The answer should consist of each line below that contains the word "where".

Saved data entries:
[Start of Attachment]

(* Collatz-Wielandt bound: compare an eigenvector x with y at a vertex maximising |x v| / y v. *)
lemma tensor_eigenvalue_norm_le:
  fixes y :: "'a \<Rightarrow> real"
  assumes H: "uniform_hg r H" and r: "r \<ge> 1"
    and pos: "\<forall>v\<in>hverts H. y v > 0"
    and sub: "\<forall>v\<in>hverts H. adj_action H y v \<le> \<rho> * y v ^ (r - 1)"
    and "tensor_eigenvalue r H lam"
  shows "cmod lam \<le> \<rho>"
proof -
  obtain x where nz: "\<exists>i\<in>hverts H. x i \<noteq> 0"
    and eig: "\<forall>i\<in>hverts H. adj_action H x i = lam * x i ^ (r - 1)"
    using assms(5) tensor_eigenvalue_iff[OF H r] by blast
  define ratio where "ratio v = cmod (x v) / y v" for v
  have "finite (hverts H)" "hverts H \<noteq> {}"
    using H nz by (auto simp: uniform_hg_def)
  then obtain i where "is_arg_min (\<lambda>u. - ratio u) (\<lambda>u. u \<in> hverts H) i"
    using ex_is_arg_min_if_finite by blast
  then have i: "i \<in> hverts H" "\<forall>u\<in>hverts H. ratio u \<le> ratio i"
    by (auto simp: is_arg_min_linorder)
  define t where "t = ratio i"
  have bound: "\<forall>u\<in>hverts H. cmod (x u) \<le> t * y u"
    using i(2) pos unfolding t_def ratio_def by (auto simp: pos_divide_le_eq)
  have "t > 0"
  proof -
    obtain i0 where i0: "i0 \<in> hverts H" "x i0 \<noteq> 0"
      using nz by blast
    then have "0 < ratio i0"
      using pos unfolding ratio_def by simp
    then show ?thesis
      using i(2) i0(1) unfolding t_def by (meson less_le_trans)
  qed
  have "y i > 0"
    using i(1) pos by blast
  then have "cmod (x i) = t * y i"
    unfolding t_def ratio_def by simp
  then have "cmod lam * (t * y i) ^ (r - 1) = cmod (adj_action H x i)"
    using eig i(1) by (simp add: norm_mult norm_power)
  also have "\<dots> \<le> t ^ (r - 1) * adj_action H y i"
    using bound \<open>t > 0\<close> by (intro norm_adj_action_le[OF H]) auto
  also have "\<dots> \<le> t ^ (r - 1) * (\<rho> * y i ^ (r - 1))"
    using sub i \<open>t > 0\<close> by (intro mult_left_mono) auto
  also have "\<dots> = \<rho> * (t * y i) ^ (r - 1)"
    by (simp add: power_mult_distrib)
  finally show ?thesis
    using \<open>t > 0\<close> pos i by simp
qed

lemma tensor_eigenvalue_of_real:
  fixes y :: "'a \<Rightarrow> real"
  assumes "uniform_hg r H" "r \<ge> 1" "\<exists>v\<in>hverts H. y v \<noteq> 0"
    and "\<forall>v\<in>hverts H. adj_action H y v = \<rho> * y v ^ (r - 1)"
  shows "tensor_eigenvalue r H (of_real \<rho>)"
  unfolding tensor_eigenvalue_iff[OF assms(1,2)]
proof (intro exI[of _ "\<lambda>u. of_real (y u)"] conjI)
  have "adj_action H (\<lambda>u. complex_of_real (y u)) v = of_real (adj_action H y v)" for v
    by (simp add: adj_action_def)
  then show "\<forall>i\<in>hverts H. adj_action H (\<lambda>u. complex_of_real (y u)) i = of_real \<rho> * of_real (y i) ^ (r - 1)"
    using assms(4) by simp
qed (use assms(3) in simp)

lemma spectral_radius_eqI:
  assumes "\<rho> \<ge> 0" "tensor_eigenvalue r H (of_real \<rho>)"
    and "\<And>lam. tensor_eigenvalue r H lam \<Longrightarrow> cmod lam \<le> \<rho>"
  shows "spectral_radius r H = \<rho>"
  unfolding spectral_radius_def
proof (rule cSup_eq_maximum)
  show "\<rho> \<in> {cmod lam |lam. tensor_eigenvalue r H lam}"
    using assms(1,2) by (intro CollectI exI[of _ "of_real \<rho>"]) simp
qed (use assms(3) in auto)

lemma adj_action_eq_divide:
  fixes y :: "'a \<Rightarrow> 'b::field"
  assumes "\<forall>e\<in>hedges H. finite e" "y v \<noteq> 0"
  shows "adj_action H y v = (\<Sum>e\<in>{e \<in> hedges H. v \<in> e}. \<Prod>u\<in>e. y u) / y v"
  unfolding adj_action_def sum_divide_distrib
proof (intro sum.cong refl)
  fix e assume "e \<in> {e \<in> hedges H. v \<in> e}"
  then have "(\<Prod>u\<in>e. y u) = y v * (\<Prod>u\<in>e - {v}. y u)"
    using assms(1) by (intro prod.remove) auto
  then show "(\<Prod>u\<in>e - {v}. y u) = (\<Prod>u\<in>e. y u) / y v"
    using assms(2) by simp
qed

lemma adj_action_zero:
  assumes "uniform_hg r H" "r \<ge> 2"
  shows "adj_action H (\<lambda>_. 0 :: 'b::comm_semiring_1) v = 0"
  unfolding adj_action_def
proof (intro sum.neutral ballI)
  fix e assume "e \<in> {e \<in> hedges H. v \<in> e}"
  then have "card (e - {v}) = r - 1"
    using uniform_hg_card_remove[OF assms(1)] by blast
  moreover have "r - 1 > 0"
    using assms(2) by simp
  ultimately show "(\<Prod>u\<in>e - {v}. 0 :: 'b) = 0"
    by (simp add: zero_power)
qed

lemma uniform_hg_union:
  assumes "uniform_hg r H" "uniform_hg r K"
  shows "uniform_hg r (hg_union H K)"
  using assms unfolding uniform_hg_def hverts_hg_union hedges_hg_union
  by (auto simp: card_image) blast+

lemma sum_prod_image_edges:
  assumes "inj f"
  shows "(\<Sum>e\<in>(`) f ` A. \<Prod>u\<in>e - {f v}. x u) = (\<Sum>e\<in>A. \<Prod>u\<in>e - {v}. x (f u))"
proof -
  have "inj_on ((`) f) A"
    by (rule inj_onI) (simp add: inj_image_eq_iff[OF assms])
  moreover have "f ` e - {f v} = f ` (e - {v})" for e
    by (simp add: image_set_diff[OF assms])
  ultimately show ?thesis
    using assms by (simp add: sum.reindex prod.reindex inj_on_subset)
qed

lemma adj_action_hg_union_Inl:
  "adj_action (hg_union H K) x (Inl v) = adj_action H (x \<circ> Inl) v"
proof -
  have "{e \<in> hedges (hg_union H K). Inl v \<in> e} = (`) Inl ` {e \<in> hedges H. v \<in> e}"
    unfolding hedges_hg_union by auto
  then show ?thesis
    unfolding adj_action_def by (simp add: sum_prod_image_edges)
qed

lemma adj_action_hg_union_Inr:
  "adj_action (hg_union H K) x (Inr v) = adj_action K (x \<circ> Inr) v"
proof -
  have "{e \<in> hedges (hg_union H K). Inr v \<in> e} = (`) Inr ` {e \<in> hedges K. v \<in> e}"
    unfolding hedges_hg_union by auto
  then show ?thesis
    unfolding adj_action_def by (simp add: sum_prod_image_edges)
qed

(* yK extended by zero is an eigenvector of the union, because every edge of H has a second vertex. *)
lemma spectral_radius_hg_union_eqI:
  fixes yH :: "'a \<Rightarrow> real" and yK :: "'b \<Rightarrow> real"
  assumes H: "uniform_hg r H" and K: "uniform_hg r K" and r: "r \<ge> 2" and "\<rho> \<ge> 0"
    and posH: "\<forall>v\<in>hverts H. yH v > 0"
    and subH: "\<forall>v\<in>hverts H. adj_action H yH v \<le> \<rho> * yH v ^ (r - 1)"
    and posK: "\<forall>v\<in>hverts K. yK v > 0"
    and eigK: "\<forall>v\<in>hverts K. adj_action K yK v = \<rho> * yK v ^ (r - 1)"
    and "hverts K \<noteq> {}"
  shows "spectral_radius r (hg_union H K) = \<rho>"
proof (rule spectral_radius_eqI)
  have HK: "uniform_hg r (hg_union H K)"
    by (rule uniform_hg_union[OF H K])
  have "r - 1 > 0"
    using r by simp
  show "tensor_eigenvalue r (hg_union H K) (of_real \<rho>)"
  proof (rule tensor_eigenvalue_of_real[OF HK, where y = "case_sum (\<lambda>_. 0) yK"])
    show "\<exists>v\<in>hverts (hg_union H K). case_sum (\<lambda>_. 0) yK v \<noteq> 0"
      using \<open>hverts K \<noteq> {}\<close> posK unfolding hverts_hg_union by force
    show "\<forall>v\<in>hverts (hg_union H K).
        adj_action (hg_union H K) (case_sum (\<lambda>_. 0) yK) v = \<rho> * case_sum (\<lambda>_. 0) yK v ^ (r - 1)"
      using eigK adj_action_zero[OF H r] \<open>r - 1 > 0\<close>
      by (auto simp: hverts_hg_union adj_action_hg_union_Inl adj_action_hg_union_Inr comp_def zero_power)
  qed (use r in simp)
  show "cmod lam \<le> \<rho>" if "tensor_eigenvalue r (hg_union H K) lam" for lam
    by (rule tensor_eigenvalue_norm_le[OF HK _ _ _ that, where y = "case_sum yH yK"])
       (use r posH posK subH eigK in
         \<open>auto simp: hverts_hg_union adj_action_hg_union_Inl adj_action_hg_union_Inr comp_def\<close>)
qed fact

section \<open>Positive weights on the loose path and on W_N\<close>

lemma uniform_hg_loose_path: "r \<ge> 2 \<Longrightarrow> uniform_hg r (loose_path r a)"
  unfolding uniform_hg_def hverts_loose_path hedges_loose_path by (auto simp: card_lp_edge)

lemma uniform_hg_W_hg: "r \<ge> 2 \<Longrightarrow> uniform_hg r (W_hg r N)"
  unfolding uniform_hg_def hverts_W_hg hedges_W_hg W_edges_eq
  by (auto simp: card_lp_edge card_pendant_edge)

(* Every edge has weight product 2^(2/r); vertices (x, 0) lie on at most two edges and have y^r = 2,
   all others lie on one edge and have y^r = 1. *)
definition path_weight :: "nat \<Rightarrow> nat \<times> nat \<Rightarrow> real" where
  "path_weight r v = (if snd v = 0 then root r 2 else 1)"

lemma path_weight_pos: "r \<ge> 1 \<Longrightarrow> path_weight r v > 0"
  by (simp add: path_weight_def)

lemma prod_path_weight_lp_edge: "(\<Prod>u\<in>lp_edge r i. path_weight r u) = root r 2 ^ 2"
  unfolding lp_edge_eq by (simp add: path_weight_def image_iff prod.reindex inj_on_def power2_eq_square)

lemma card_loose_path_edges_at:
  "card {e \<in> hedges (loose_path r a). (x, j) \<in> e} \<le> (if j = 0 then 2 else 1)"
proof (cases "j = 0")
  case True
  have "{e \<in> hedges (loose_path r a). (x, j) \<in> e} \<subseteq> lp_edge r ` {x - 1, x}"
  proof
    fix e assume "e \<in> {e \<in> hedges (loose_path r a). (x, j) \<in> e}"
    then obtain i where e: "e = lp_edge r i" "(x, 0) \<in> lp_edge r i"
      unfolding hedges_loose_path True by auto
    then have "i \<in> {x - 1, x}"
      by (auto simp: mem_lp_edge)
    with e show "e \<in> lp_edge r ` {x - 1, x}"
      by blast
  qed
  then have "card {e \<in> hedges (loose_path r a). (x, j) \<in> e} \<le> card (lp_edge r ` {x - 1, x})"
    by (intro card_mono) auto
  also have "\<dots> \<le> 2"
    using card_image_le[of "{x - 1, x}" "lp_edge r"] by (simp add: card_insert_if)
  finally show ?thesis
    using True by simp
next
  case False
  have "{e \<in> hedges (loose_path r a). (x, j) \<in> e} \<subseteq> {lp_edge r x}"
    using False unfolding hedges_loose_path by (auto simp: mem_lp_edge)
  then show ?thesis
    using False card_mono[of "{lp_edge r x}"] by simp
qed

[End of Attachment]

**Exercise answer**:
  obtain x where nz: "\<exists>i\<in>hverts H. x i \<noteq> 0"
  define ratio where "ratio v = cmod (x v) / y v" for v
  then obtain i where "is_arg_min (\<lambda>u. - ratio u) (\<lambda>u. u \<in> hverts H) i"
  define t where "t = ratio i"
    obtain i0 where i0: "i0 \<in> hverts H" "x i0 \<noteq> 0"
  proof (rule tensor_eigenvalue_of_real[OF HK, where y = "case_sum (\<lambda>_. 0) yK"])
    by (rule tensor_eigenvalue_norm_le[OF HK _ _ _ that, where y = "case_sum yH yK"])
definition path_weight :: "nat \<Rightarrow> nat \<times> nat \<Rightarrow> real" where
    then obtain i where e: "e = lp_edge r i" "(x, 0) \<in> lp_edge r i"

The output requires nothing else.